- Born: 3 November 1884
- Died: 23 December 1949 (aged 65)
- Citizenship: Japanese
- Education: Union Theological Seminary
- Occupation: Author
- Notable work: Der Geist Japans
- Spouse: Cornelia Zieliński
- Children: Takehiko Kanagoki

= Kanokogi Kazunobu =

Japanese philosopher (1884–1949)

Kanokogi Kazunobu (鹿子木員信, 1884–1949) was a Japanese professor, philosopher, mountaineer and author. Although less well known than Ikki Kita, Kanokogi has been referred to on several occasions as "the pioneer of Japanese totalitarianism."

After training as a naval engineer, he saw combat in the Russo-Japanese War; after converting to Christianity he resigned his commission and travelled to the United States to study theology at Union Theological Seminary and philosophy at Columbia University.

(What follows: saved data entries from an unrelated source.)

(* Let $H$ be the orthocenter of $T=P_1P_2P_3$. For each $i$, with $\{i,j,k\}=\{1,2,3\}$: the perpendicular from $P_i$ to the line $P_j'P_k'$ passes through $-M$ (the reflection of $M$ in $O$), and the perpendicular from $P_i'$ to the line $P_jP_k$ passes through $2H-M$ (the reflection of $M$ in $H$). Hence $T$ and $T'=P_1'P_2'P_3'$ are orthologic with orthology centers $-M$ and $2H-M$.
   Context: Let $a>b>0$ and $c>0$ with $c^2=a^2-b^2$. Let $\mathcal{E}$ be the ellipse $x^2/a^2+y^2/b^2=1$ with center $O=(0,0)$, parametrized by $P(t)=(a\cos t,b\sin t)$. Fix $u\in\mathbb{R}$, let $M=(a\cos u,b\sin u)$ and $\Delta_u(t)=(x_u(t),y_u(t))$, where $x_u(t)=\frac1a\big(c^2(1+\cos(t+u))\cos t-a^2\cos u\big)$ and $y_u(t)=\frac1b\big(c^2\cos t\sin(t+u)-c^2\sin t-a^2\sin u\big)$ (the negative pedal curve of $\mathcal{E}$ with respect to $M$). For $i=1,2,3$ let $t_i=-u/3-2\pi(i-1)/3$, $P_i=P(t_i)$, $P_i'=\Delta_u(t_i)$ (the cusps). Two triangles $ABC$, $DEF$ are orthologic if the perpendiculars from $A,B,C$ to $EF,FD,DE$ respectively are concurrent; the concurrence points of these perpendiculars and of the perpendiculars from $D,E,F$ to $BC,CA,AB$ are the orthology centers. *)

theory Defs
  imports Complex_Main
begin

type_synonym pt = "real \<times> real"

definition dotp :: "pt \<Rightarrow> pt \<Rightarrow> real" where
  "dotp p q = fst p * fst q + snd p * snd q"

definition psub :: "pt \<Rightarrow> pt \<Rightarrow> pt" where
  "psub p q = (fst p - fst q, snd p - snd q)"

definition on_perp :: "pt \<Rightarrow> pt \<Rightarrow> pt \<Rightarrow> pt \<Rightarrow> bool" where
  "on_perp Q A B C \<longleftrightarrow> dotp (psub Q A) (psub C B) = 0"

definition is_orthocenter :: "pt \<Rightarrow> pt \<Rightarrow> pt \<Rightarrow> pt \<Rightarrow> bool" where
  "is_orthocenter H A B C \<longleftrightarrow> on_perp H A B C \<and> on_perp H B C A \<and> on_perp H C A B"

definition orthology_center :: "pt \<Rightarrow> pt \<Rightarrow> pt \<Rightarrow> pt \<Rightarrow> pt \<Rightarrow> pt \<Rightarrow> pt \<Rightarrow> bool" where
  "orthology_center Q A B C D E F \<longleftrightarrow> on_perp Q A E F \<and> on_perp Q B F D \<and> on_perp Q C D E"

definition orthologic :: "pt \<Rightarrow> pt \<Rightarrow> pt \<Rightarrow> pt \<Rightarrow> pt \<Rightarrow> pt \<Rightarrow> bool" where
  "orthologic A B C D E F \<longleftrightarrow> (\<exists>Q. orthology_center Q A B C D E F)"

definition ellP :: "real \<Rightarrow> real \<Rightarrow> real \<Rightarrow> pt" where
  "ellP a b t = (a * cos t, b * sin t)"

definition negpedal :: "real \<Rightarrow> real \<Rightarrow> real \<Rightarrow> real \<Rightarrow> real \<Rightarrow> pt" where
  "negpedal a b c u t =
     ((c^2 * (1 + cos (t + u)) * cos t - a^2 * cos u) / a,
      (c^2 * cos t * sin (t + u) - c^2 * sin t - a^2 * sin u) / b)"

definition cusp_param :: "real \<Rightarrow> nat \<Rightarrow> real" where
  "cusp_param u i = - u / 3 - 2 * pi * (real i - 1) / 3"

end

theory Submission
  imports Defs
begin

text \<open>
  At a cusp parameter t we have 3t \<equiv> -u (mod 2\<pi>), so \<Delta>_u(t) can be written through
  cos t, sin t, cos 3t, sin 3t only, and the three cusp parameters differ by 2\<pi>/3.  The terms
  in 3t are common to all three cusps, hence the side P_j'P_k' of T' opposite to t
  is parallel to (sin t / a, cos t / b), while P_jP_k is parallel to the tangent
  (-a sin t, b cos t) of the ellipse at P(t).  Both perpendicularity claims then reduce to
  sin 3t cos t - cos 3t sin t = sin 2t.  Finally, moving the centre of a perpendicular from
  2P_i - M to 2H - M is a translation along the altitude of T through P_i, which is
  orthogonal to P_jP_k.
\<close>

lemma sin_treble_sin: "sin (3 * x) = 3 * sin x - 4 * sin (x::real) ^ 3"
proof -
  have "sin (3 * x) = sin (2 * x + x)" by simp
  also have "\<dots> = 3 * sin x - 4 * sin x ^ 3"
    unfolding sin_add sin_double cos_double using sin_cos_squared_add[of x] by algebra
  finally show ?thesis .
qed

lemma cos_sin_triple_third_shift:
  "cos (3 * (t + 2 * pi / 3)) = cos (3 * t)" "cos (3 * (t - 2 * pi / 3)) = cos (3 * t)"
  "sin (3 * (t + 2 * pi / 3)) = sin (3 * t)" "sin (3 * (t - 2 * pi / 3)) = sin (3 * t)"
proof -
  have "3 * (t + 2 * pi / 3) = 3 * t + 2 * pi" "3 * (t - 2 * pi / 3) + 2 * pi = 3 * t" by simp_all
  then show "cos (3 * (t + 2 * pi / 3)) = cos (3 * t)" "cos (3 * (t - 2 * pi / 3)) = cos (3 * t)"
    "sin (3 * (t + 2 * pi / 3)) = sin (3 * t)" "sin (3 * (t - 2 * pi / 3)) = sin (3 * t)"
    by (metis cos_periodic sin_periodic)+
qed

lemma cos_sin_third_chord:
  "cos (t + 2 * pi / 3) - cos (t - 2 * pi / 3) = - sqrt 3 * sin t"
  "sin (t + 2 * pi / 3) - sin (t - 2 * pi / 3) = sqrt 3 * cos t"
  by (simp_all add: cos_add cos_diff sin_add sin_diff sin_120)

lemma sin_treble_cos_diff: "sin (3 * t) * cos t - cos (3 * t) * sin t = 2 * sin t * cos (t::real)"
  using sin_diff[of "3 * t" t] sin_double[of t] by simp

definition cusp_point :: "real \<Rightarrow> real \<Rightarrow> real \<Rightarrow> pt" where
  "cusp_point a b t =
     ((3 * (a\<^sup>2 - b\<^sup>2) * cos t - (a\<^sup>2 + b\<^sup>2) * cos (3 * t)) / (2 * a),
      ((a\<^sup>2 + b\<^sup>2) * sin (3 * t) - 3 * (a\<^sup>2 - b\<^sup>2) * sin t) / (2 * b))"

lemma negpedal_eq_cusp_point:
  assumes "c\<^sup>2 = a\<^sup>2 - b\<^sup>2" "cos u = cos (3 * t)" "sin u = - sin (3 * t)"
  shows "negpedal a b c u t = cusp_point a b t"
proof -
  have "cos (t + u) = cos (2 * t)" "sin (t + u) = - sin (2 * t)"
    using assms(2,3) cos_diff[of "3 * t" t] sin_diff[of "3 * t" t]
    by (simp_all add: cos_add sin_add algebra_simps)
  then have numerators: "c\<^sup>2 * (1 + cos (t + u)) * cos t - a\<^sup>2 * cos u
      = (3 * (a\<^sup>2 - b\<^sup>2) * cos t - (a\<^sup>2 + b\<^sup>2) * cos (3 * t)) / 2"
    "c\<^sup>2 * cos t * sin (t + u) - c\<^sup>2 * sin t - a\<^sup>2 * sin u
      = ((a\<^sup>2 + b\<^sup>2) * sin (3 * t) - 3 * (a\<^sup>2 - b\<^sup>2) * sin t) / 2"
    unfolding assms cos_treble_cos sin_treble_sin cos_double_cos sin_double
    by (simp_all add: cos_squared_eq field_simps, algebra+)
  then show ?thesis
    unfolding negpedal_def cusp_point_def by (simp only: numerators divide_divide_eq_left)
qed

lemma ellP_chord:
  "psub (ellP a b (t + 2 * pi / 3)) (ellP a b (t - 2 * pi / 3))
     = (- sqrt 3 * a * sin t, sqrt 3 * b * cos t)"
  using cos_sin_third_chord[of t]
  unfolding psub_def ellP_def by (simp add: right_diff_distrib[symmetric])

lemma cusp_point_chord:
  "psub (cusp_point a b (t + 2 * pi / 3)) (cusp_point a b (t - 2 * pi / 3))
     = (- 3 * sqrt 3 * (a\<^sup>2 - b\<^sup>2) / (2 * a) * sin t,
        - 3 * sqrt 3 * (a\<^sup>2 - b\<^sup>2) / (2 * b) * cos t)"
proof -
  have linear: "(k * x - z) / d - (k * y - z) / d = k * (x - y) / d" for k x y z d :: real
    by (simp add: diff_divide_distrib right_diff_distrib)
  have linear': "(z - k * x) / d - (z - k * y) / d = - k * (x - y) / d" for k x y z d :: real
    by (simp add: diff_divide_distrib right_diff_distrib)
  show ?thesis
    unfolding psub_def cusp_point_def fst_conv snd_conv cos_sin_triple_third_shift linear linear'
      cos_sin_third_chord
    by (simp add: algebra_simps)
qed

lemma on_perp_antipode_cusp_chord:
  assumes "a \<noteq> 0" "b \<noteq> 0" "cos u = cos (3 * t)" "sin u = - sin (3 * t)"
  shows "on_perp (- fst (ellP a b u), - snd (ellP a b u))
           (ellP a b t) (cusp_point a b (t - 2 * pi / 3)) (cusp_point a b (t + 2 * pi / 3))"
  unfolding on_perp_def cusp_point_chord
  using assms sin_treble_cos_diff[of t]
  by (simp add: dotp_def psub_def ellP_def field_simps) algebra

lemma on_perp_reflection_ellP_chord:
  assumes "a \<noteq> 0" "b \<noteq> 0" "cos u = cos (3 * t)" "sin u = - sin (3 * t)"
  shows "on_perp (2 * fst (ellP a b t) - fst (ellP a b u), 2 * snd (ellP a b t) - snd (ellP a b u))
           (cusp_point a b t) (ellP a b (t - 2 * pi / 3)) (ellP a b (t + 2 * pi / 3))"
  unfolding on_perp_def ellP_chord
  using assms sin_treble_cos_diff[of t]
  by (simp add: dotp_def psub_def ellP_def cusp_point_def field_simps) algebra

lemma on_perp_swap: "on_perp Q A C B \<longleftrightarrow> on_perp Q A B C"
  unfolding on_perp_def dotp_def psub_def by (simp add: algebra_simps) argo

lemma on_perp_reflection_along_altitude:
  assumes "on_perp H A B C" "on_perp (2 * fst A - fst M, 2 * snd A - snd M) D B C"
  shows "on_perp (2 * fst H - fst M, 2 * snd H - snd M) D B C"
  using assms unfolding on_perp_def dotp_def psub_def by (simp add: algebra_simps)

lemma cos_sin_triple_cusp_param:
  assumes "i \<ge> 1"
  shows "cos u = cos (3 * cusp_param u i)" "sin u = - sin (3 * cusp_param u i)"
proof -
  have "3 * cusp_param u i = - u - 2 * real (i - 1) * pi"
    using assms unfolding cusp_param_def by (simp add: of_nat_diff field_simps)
  then show "cos u = cos (3 * cusp_param u i)" "sin u = - sin (3 * cusp_param u i)"
    by (simp_all add: cos_diff sin_diff)
qed

lemma periodic_at_cusp_param_neighbours:
  assumes periodic: "\<And>x. f (x + 2 * pi) = f x"
    and ijk: "(i, j, k) \<in> {(1, 2, 3), (2, 3, 1), (3, 1, 2)}"
  shows "f (cusp_param u j) = f (cusp_param u i - 2 * pi / 3)"
    "f (cusp_param u k) = f (cusp_param u i + 2 * pi / 3)"
proof -
  have "cusp_param u j = cusp_param u i - 2 * pi / 3
      \<or> cusp_param u j = (cusp_param u i - 2 * pi / 3) + 2 * pi"
    "cusp_param u k = cusp_param u i + 2 * pi / 3
      \<or> cusp_param u k + 2 * pi = cusp_param u i + 2 * pi / 3"
    using ijk unfolding cusp_param_def by (auto simp: field_simps)
  then show "f (cusp_param u j) = f (cusp_param u i - 2 * pi / 3)"
    "f (cusp_param u k) = f (cusp_param u i + 2 * pi / 3)"
    using periodic by metis+
qed

lemma cusp_point_periodic: "cusp_point a b (t + 2 * pi) = cusp_point a b t"
proof -
  have "3 * (t + 2 * pi) = ((3 * t + 2 * pi) + 2 * pi) + 2 * pi" by simp
  then show ?thesis by (simp only: cusp_point_def cos_periodic sin_periodic)
qed

lemma ellP_periodic: "ellP a b (t + 2 * pi) = ellP a b t"
  unfolding ellP_def by simp

lemma cusp_triangle_perpendiculars:
  assumes "c\<^sup>2 = a\<^sup>2 - b\<^sup>2" "a \<noteq> 0" "b \<noteq> 0"
    and ijk: "(i, j, k) \<in> {(1, 2, 3), (2, 3, 1), (3, 1, 2)}"
  shows "on_perp (- fst (ellP a b u), - snd (ellP a b u)) (ellP a b (cusp_param u i))
           (negpedal a b c u (cusp_param u j)) (negpedal a b c u (cusp_param u k))"
    "on_perp (2 * fst (ellP a b (cusp_param u i)) - fst (ellP a b u),
              2 * snd (ellP a b (cusp_param u i)) - snd (ellP a b u))
           (negpedal a b c u (cusp_param u i)) (ellP a b (cusp_param u j)) (ellP a b (cusp_param u k))"
proof -
  have negpedal_cusp: "negpedal a b c u (cusp_param u n) = cusp_point a b (cusp_param u n)"
    if "n \<ge> 1" for n
    using negpedal_eq_cusp_point[OF assms(1) cos_sin_triple_cusp_param[OF that]] .
  have "i \<ge> 1" "j \<ge> 1" "k \<ge> 1" using ijk by auto
  note cusps = negpedal_cusp[OF this(1)] negpedal_cusp[OF this(2)] negpedal_cusp[OF this(3)]
    and neighbours =
      periodic_at_cusp_param_neighbours[where f = "cusp_point a b", OF cusp_point_periodic ijk]
      periodic_at_cusp_param_neighbours[where f = "ellP a b", OF ellP_periodic ijk]
    and triple = cos_sin_triple_cusp_param[OF \<open>i \<ge> 1\<close>]
  show "on_perp (- fst (ellP a b u), - snd (ellP a b u)) (ellP a b (cusp_param u i))
          (negpedal a b c u (cusp_param u j)) (negpedal a b c u (cusp_param u k))"
    unfolding cusps neighbours using on_perp_antipode_cusp_chord[OF assms(2,3) triple] .
  show "on_perp (2 * fst (ellP a b (cusp_param u i)) - fst (ellP a b u),
              2 * snd (ellP a b (cusp_param u i)) - snd (ellP a b u))
          (negpedal a b c u (cusp_param u i)) (ellP a b (cusp_param u j)) (ellP a b (cusp_param u k))"
    unfolding cusps neighbours using on_perp_reflection_ellP_chord[OF assms(2,3) triple] .
qed

lemma permutation_123_cyclic_cases:
  assumes "{i, j, k} = {1, 2, 3 :: nat}"
  shows "(i, j, k) \<in> {(1, 2, 3), (2, 3, 1), (3, 1, 2)} \<or> (i, k, j) \<in> {(1, 2, 3), (2, 3, 1), (3, 1, 2)}"
proof -
  have "i = 1 \<or> i = 2 \<or> i = 3" "j = 1 \<or> j = 2 \<or> j = 3" "k = 1 \<or> k = 2 \<or> k = 3"
    using assms by blast+
  moreover have "1 \<in> {i, j, k}" "2 \<in> {i, j, k}" "3 \<in> {i, j, k}"
    using assms by blast+
  ultimately show ?thesis by (elim disjE) simp_all
qed

theorem theorem8p1:
  fixes a b c u :: real and H :: pt
  assumes "a > b" "b > 0" "c > 0" "c^2 = a^2 - b^2"
    and "is_orthocenter H (ellP a b (cusp_param u 1)) (ellP a b (cusp_param u 2))
           (ellP a b (cusp_param u 3))"
  shows "(\<forall>i j k. {i, j, k} = {1, 2, 3::nat} \<longrightarrow>
            on_perp (- fst (ellP a b u), - snd (ellP a b u))
              (ellP a b (cusp_param u i))
              (negpedal a b c u (cusp_param u j)) (negpedal a b c u (cusp_param u k))
          \<and> on_perp (2 * fst H - fst (ellP a b u), 2 * snd H - snd (ellP a b u))
              (negpedal a b c u (cusp_param u i))
              (ellP a b (cusp_param u j)) (ellP a b (cusp_param u k)))
       \<and> orthologic (ellP a b (cusp_param u 1)) (ellP a b (cusp_param u 2)) (ellP a b (cusp_param u 3))
           (negpedal a b c u (cusp_param u 1)) (negpedal a b c u (cusp_param u 2)) (negpedal a b c u (cusp_param u 3))
       \<and> orthology_center (- fst (ellP a b u), - snd (ellP a b u))
           (ellP a b (cusp_param u 1)) (ellP a b (cusp_param u 2)) (ellP a b (cusp_param u 3))
           (negpedal a b c u (cusp_param u 1)) (negpedal a b c u (cusp_param u 2)) (negpedal a b c u (cusp_param u 3))
       \<and> orthology_center (2 * fst H - fst (ellP a b u), 2 * snd H - snd (ellP a b u))
           (negpedal a b c u (cusp_param u 1)) (negpedal a b c u (cusp_param u 2)) (negpedal a b c u (cusp_param u 3))
           (ellP a b (cusp_param u 1)) (ellP a b (cusp_param u 2)) (ellP a b (cusp_param u 3))"
proof -
  let ?M = "ellP a b u" and ?P = "\<lambda>n. ellP a b (cusp_param u n)"
    and ?D = "\<lambda>n. negpedal a b c u (cusp_param u n)"
  have ab: "a \<noteq> 0" "b \<noteq> 0" using assms(1,2) by auto
  have cyclic: "on_perp (- fst ?M, - snd ?M) (?P i) (?D j) (?D k)
      \<and> on_perp (2 * fst H - fst ?M, 2 * snd H - snd ?M) (?D i) (?P j) (?P k)"
    if ijk: "(i, j, k) \<in> {(1, 2, 3), (2, 3, 1), (3, 1, 2)}" for i j k
  proof
    show "on_perp (- fst ?M, - snd ?M) (?P i) (?D j) (?D k)"
      using cusp_triangle_perpendiculars(1)[OF assms(4) ab ijk] .
    have "on_perp H (?P i) (?P j) (?P k)"
      using assms(5) ijk unfolding is_orthocenter_def by auto
    then show "on_perp (2 * fst H - fst ?M, 2 * snd H - snd ?M) (?D i) (?P j) (?P k)"
      using on_perp_reflection_along_altitude cusp_triangle_perpendiculars(2)[OF assms(4) ab ijk]
      by blast
  qed
  have all: "on_perp (- fst ?M, - snd ?M) (?P i) (?D j) (?D k)
      \<and> on_perp (2 * fst H - fst ?M, 2 * snd H - snd ?M) (?D i) (?P j) (?P k)"
    if "{i, j, k} = {1, 2, 3::nat}" for i j k
    using permutation_123_cyclic_cases[OF that] cyclic[of i j k] cyclic[of i k j] on_perp_swap
    by blast
  have "{1, 2, 3} = {2, 3, 1::nat}" "{1, 2, 3} = {3, 1, 2::nat}" by auto
  then show ?thesis
    unfolding orthologic_def orthology_center_def
    using all all[of 1 2 3] all[of 2 3 1] all[of 3 1 2] by blast
qed

end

He received his doctorate (supervised by Rudolf Eucken) while studying in Germany. After returning to Japan in 1912 he taught at Keio University, Tokyo Imperial University and Kyushu Imperial University. Kanokogi became involved in the Pan-Asianism movement, which led to him travelling to India. He was arrested by the British in Calcutta, and deported to Singapore, where he was imprisoned briefly. Following this incident, he began advocating for Indian independence.

Kanokogi was a nationalist who emphasised the importance of the Imperial family in Japanese history. One of his principal works was Der Geist Japans ("The Spirit of Japan"), which was derived from a collection of lectures he gave in Germany arguing against Chinese influences on Japanese history. He was a member of the Yūzonsha society.

After the war, he was held at Sugamo Prison as a Class-A war criminal. He was released in 1946 on medical grounds because he was diagnosed with terminal pulmonary tuberculosis, and died three years later from this condition.